### DIRECTIONS
Once you reach the line that holds "unfolding norm_divide using" in the listing below, output it and every line after it through the line that holds "note close = hev_close[OF", word for word.

### RECORDS FOR THIS EXERCISE
text \<open>\<open>quot_deriv u' u 1 0 = u'\<close>: the quotient rule is stable near a denominator equal to \<open>1\<close>.\<close>
lemma quot_deriv_close:
  fixes u' u U' U S S' :: complex and \<tau> B :: real
  assumes \<tau>: "\<tau> \<le> 1/2" and U': "cmod (U' - u') \<le> \<tau>" and U: "cmod (U - u) \<le> \<tau>"
    and S: "cmod (S - 1) \<le> \<tau>" and S': "cmod S' \<le> \<tau>" and u: "cmod u \<le> B" and u': "cmod u' \<le> B"
  shows "cmod (quot_deriv U' U S S' - u') \<le> 12 * \<tau> * (1 + B)"
proof -
  have \<tau>0: "0 \<le> \<tau>" and B0: "0 \<le> B"
    using U' u by (meson norm_ge_zero order_trans)+
  have S_lower: "1/2 \<le> cmod S" and S_upper: "cmod S \<le> 3/2"
    using norm_triangle_ineq2[of S 1] norm_triangle_ineq2[of 1 S] S \<tau>
    by (simp_all add: norm_minus_commute)
  have U_upper: "cmod U \<le> B + \<tau>"
    using norm_triangle_ineq2[of U u] U u by linarith
  define N where "N = (U' - u') * S + u' * S * (1 - S) - U * S'"
  have "S \<noteq> 0"
    using S_lower by auto
  then have eq: "quot_deriv U' U S S' - u' = N / (S * S)"
    unfolding quot_deriv_def N_def by (simp add: field_simps)
  have "cmod N \<le> cmod ((U' - u') * S) + cmod (u' * S * (1 - S)) + cmod (U * S')"
    unfolding N_def by (metis norm_triangle_ineq norm_triangle_ineq4 add_right_mono order_trans)
  also have "\<dots> \<le> \<tau> * (3/2) + B * (3/2) * \<tau> + (B + \<tau>) * \<tau>"
    unfolding norm_mult using U' u' S S' S_upper U_upper \<tau>0 B0
    by (intro add_mono mult_mono) (auto simp: norm_minus_commute)
  also have "\<dots> = (3/2) * \<tau> + (5/2) * (B * \<tau>) + \<tau> * \<tau>"
    by (simp add: algebra_simps)
  also have "\<dots> \<le> 3 * \<tau> + 3 * (B * \<tau>)"
    using mult_left_mono[OF \<tau> \<tau>0] mult_nonneg_nonneg[OF B0 \<tau>0] \<tau>0 by linarith
  also have "\<dots> = 3 * \<tau> * (1 + B)"
    by (simp add: algebra_simps)
  finally have N: "cmod N \<le> 3 * \<tau> * (1 + B)" .
  have "1/4 \<le> cmod (S * S)"
    using mult_mono[OF S_lower S_lower] by (simp add: norm_mult)
  then have "cmod (N / (S * S)) \<le> (3 * \<tau> * (1 + B)) / (1/4)"
    unfolding norm_divide using N \<tau>0 B0 by (intro frac_le) auto
  then show ?thesis
    using eq by simp
qed

lemma den_close:
  assumes F: "normalized_den D F" and P3: "\<forall>k\<in>hexps D. cmod (P3 G k - P3 F k) \<le> e"
    and R: "1 \<le> R" "cmod (fst p) \<le> R" "cmod (snd p) \<le> R"
  shows "cmod (den D G p - 1) \<le> e * coeff_weight D (\<lambda>_. 1) R"
    and "cmod (hev_dx D (P3 G) (fst p) (snd p)) \<le> e * coeff_weight D (\<lambda>_. 1) R"
    and "cmod (hev_dy D (P3 G) (fst p) (snd p)) \<le> e * coeff_weight D (\<lambda>_. 1) R"
  using hev_close[OF P3 R] by (simp_all add: den_def normalized_den_hev[OF F])

lemma aff_partials_close:
  assumes F: "normalized_den D F" and R: "1 \<le> R" "cmod (fst p) \<le> R" "cmod (snd p) \<le> R"
    and P: "\<forall>k\<in>hexps D. cmod (P G k - P F k) \<le> e"
    and P3: "\<forall>k\<in>hexps D. cmod (P3 G k - P3 F k) \<le> e"
    and \<tau>: "e * coeff_weight D (\<lambda>_. 1) R \<le> \<tau>" "\<tau> \<le> 1/2" and B: "coeff_weight D (P F) R \<le> B"
  shows "cmod (aff_dx D G P p - hev_dx D (P F) (fst p) (snd p)) \<le> 12 * \<tau> * (1 + B)"
    and "cmod (aff_dy D G P p - hev_dy D (P F) (fst p) (snd p)) \<le> 12 * \<tau> * (1 + B)"
proof -
  note close = hev_close[OF P R, THEN order_trans, OF \<tau>(1)]
  note den = den_close[OF F P3 R, THEN order_trans, OF \<tau>(1)]
  note bound = hev_bounds[OF R, of D "P F", THEN order_trans, OF B]
  show "cmod (aff_dx D G P p - hev_dx D (P F) (fst p) (snd p)) \<le> 12 * \<tau> * (1 + B)"
    unfolding aff_dx_def by (rule quot_deriv_close[OF \<tau>(2) close(2) close(1) den(1) den(2) bound(1) bound(2)])
  show "cmod (aff_dy D G P p - hev_dy D (P F) (fst p) (snd p)) \<le> 12 * \<tau> * (1 + B)"
    unfolding aff_dy_def by (rule quot_deriv_close[OF \<tau>(2) close(3) close(1) den(1) den(3) bound(1) bound(3)])
qed

lemma near_aff_partials_close:
  assumes F: "normalized_den D F" and R: "1 \<le> R" and \<tau>: "0 < \<tau>"
  shows "\<exists>e>0. \<forall>G p. near D F G e \<and> cmod (fst p) \<le> R \<and> cmod (snd p) \<le> R \<longrightarrow>
      den D G p \<noteq> 0 \<and>
      cmod (aff_dx D G P1 p - hev_dx D (P1 F) (fst p) (snd p)) \<le> \<tau> \<and>
      cmod (aff_dy D G P1 p - hev_dy D (P1 F) (fst p) (snd p)) \<le> \<tau> \<and>
      cmod (aff_dx D G P2 p - hev_dx D (P2 F) (fst p) (snd p)) \<le> \<tau> \<and>
      cmod (aff_dy D G P2 p - hev_dy D (P2 F) (fst p) (snd p)) \<le> \<tau>"
proof -
  define B where "B = coeff_weight D (P1 F) R + coeff_weight D (P2 F) R"
  define W where "W = coeff_weight D (\<lambda>_. 1) R"
  define \<tau>' where "\<tau>' = \<tau> / (12 * (1 + B) + 2 * \<tau>)"
  have B: "coeff_weight D (P1 F) R \<le> B" "coeff_weight D (P2 F) R \<le> B" "0 \<le> B" and W: "0 \<le> W"
    using R by (simp_all add: B_def W_def coeff_weight_nonneg)
  then have \<tau>': "0 < \<tau>'" "\<tau>' \<le> 1/2" "12 * \<tau>' * (1 + B) \<le> \<tau>"
    using \<tau> by (simp_all add: \<tau>'_def field_simps)
  show ?thesis
  proof (intro exI[of _ "\<tau>' / (W + 1)"] conjI allI impI)
    show "0 < \<tau>' / (W + 1)"
      using \<tau>' W by simp
    have eW: "\<tau>' / (W + 1) * W \<le> \<tau>'"
      using \<tau>' W by (simp add: field_simps)
    fix G p assume near: "near D F G (\<tau>' / (W + 1)) \<and> cmod (fst p) \<le> R \<and> cmod (snd p) \<le> R"
    then have R': "1 \<le> R" "cmod (fst p) \<le> R" "cmod (snd p) \<le> R"
      using R by auto
    have coeffs: "\<forall>k\<in>hexps D. cmod (P1 G k - P1 F k) \<le> \<tau>' / (W + 1)"
        "\<forall>k\<in>hexps D. cmod (P2 G k - P2 F k) \<le> \<tau>' / (W + 1)"
        "\<forall>k\<in>hexps D. cmod (P3 G k - P3 F k) \<le> \<tau>' / (W + 1)"
      using near_coeff_le near by blast+
    show "den D G p \<noteq> 0"
      using den_close(1)[OF F coeffs(3) R'] eW \<tau>' by (auto simp: W_def)
    show "cmod (aff_dx D G P1 p - hev_dx D (P1 F) (fst p) (snd p)) \<le> \<tau>"
         "cmod (aff_dy D G P1 p - hev_dy D (P1 F) (fst p) (snd p)) \<le> \<tau>"
      using aff_partials_close[OF F R' coeffs(1) coeffs(3), of \<tau>' B] eW \<tau>' B(1)
      by (auto simp: W_def)
    show "cmod (aff_dx D G P2 p - hev_dx D (P2 F) (fst p) (snd p)) \<le> \<tau>"
         "cmod (aff_dy D G P2 p - hev_dy D (P2 F) (fst p) (snd p)) \<le> \<tau>"
      using aff_partials_close[OF F R' coeffs(2) coeffs(3), of \<tau>' B] eW \<tau>' B(2)
      by (auto simp: W_def)
  qed
qed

### RESPONSE BELOW
    unfolding norm_divide using N \<tau>0 B0 by (intro frac_le) auto
  then show ?thesis
    using eq by simp
qed

lemma den_close:
  assumes F: "normalized_den D F" and P3: "\<forall>k\<in>hexps D. cmod (P3 G k - P3 F k) \<le> e"
    and R: "1 \<le> R" "cmod (fst p) \<le> R" "cmod (snd p) \<le> R"
  shows "cmod (den D G p - 1) \<le> e * coeff_weight D (\<lambda>_. 1) R"
    and "cmod (hev_dx D (P3 G) (fst p) (snd p)) \<le> e * coeff_weight D (\<lambda>_. 1) R"
    and "cmod (hev_dy D (P3 G) (fst p) (snd p)) \<le> e * coeff_weight D (\<lambda>_. 1) R"
  using hev_close[OF P3 R] by (simp_all add: den_def normalized_den_hev[OF F])

lemma aff_partials_close:
  assumes F: "normalized_den D F" and R: "1 \<le> R" "cmod (fst p) \<le> R" "cmod (snd p) \<le> R"
    and P: "\<forall>k\<in>hexps D. cmod (P G k - P F k) \<le> e"
    and P3: "\<forall>k\<in>hexps D. cmod (P3 G k - P3 F k) \<le> e"
    and \<tau>: "e * coeff_weight D (\<lambda>_. 1) R \<le> \<tau>" "\<tau> \<le> 1/2" and B: "coeff_weight D (P F) R \<le> B"
  shows "cmod (aff_dx D G P p - hev_dx D (P F) (fst p) (snd p)) \<le> 12 * \<tau> * (1 + B)"
    and "cmod (aff_dy D G P p - hev_dy D (P F) (fst p) (snd p)) \<le> 12 * \<tau> * (1 + B)"
proof -
  note close = hev_close[OF P R, THEN order_trans, OF \<tau>(1)]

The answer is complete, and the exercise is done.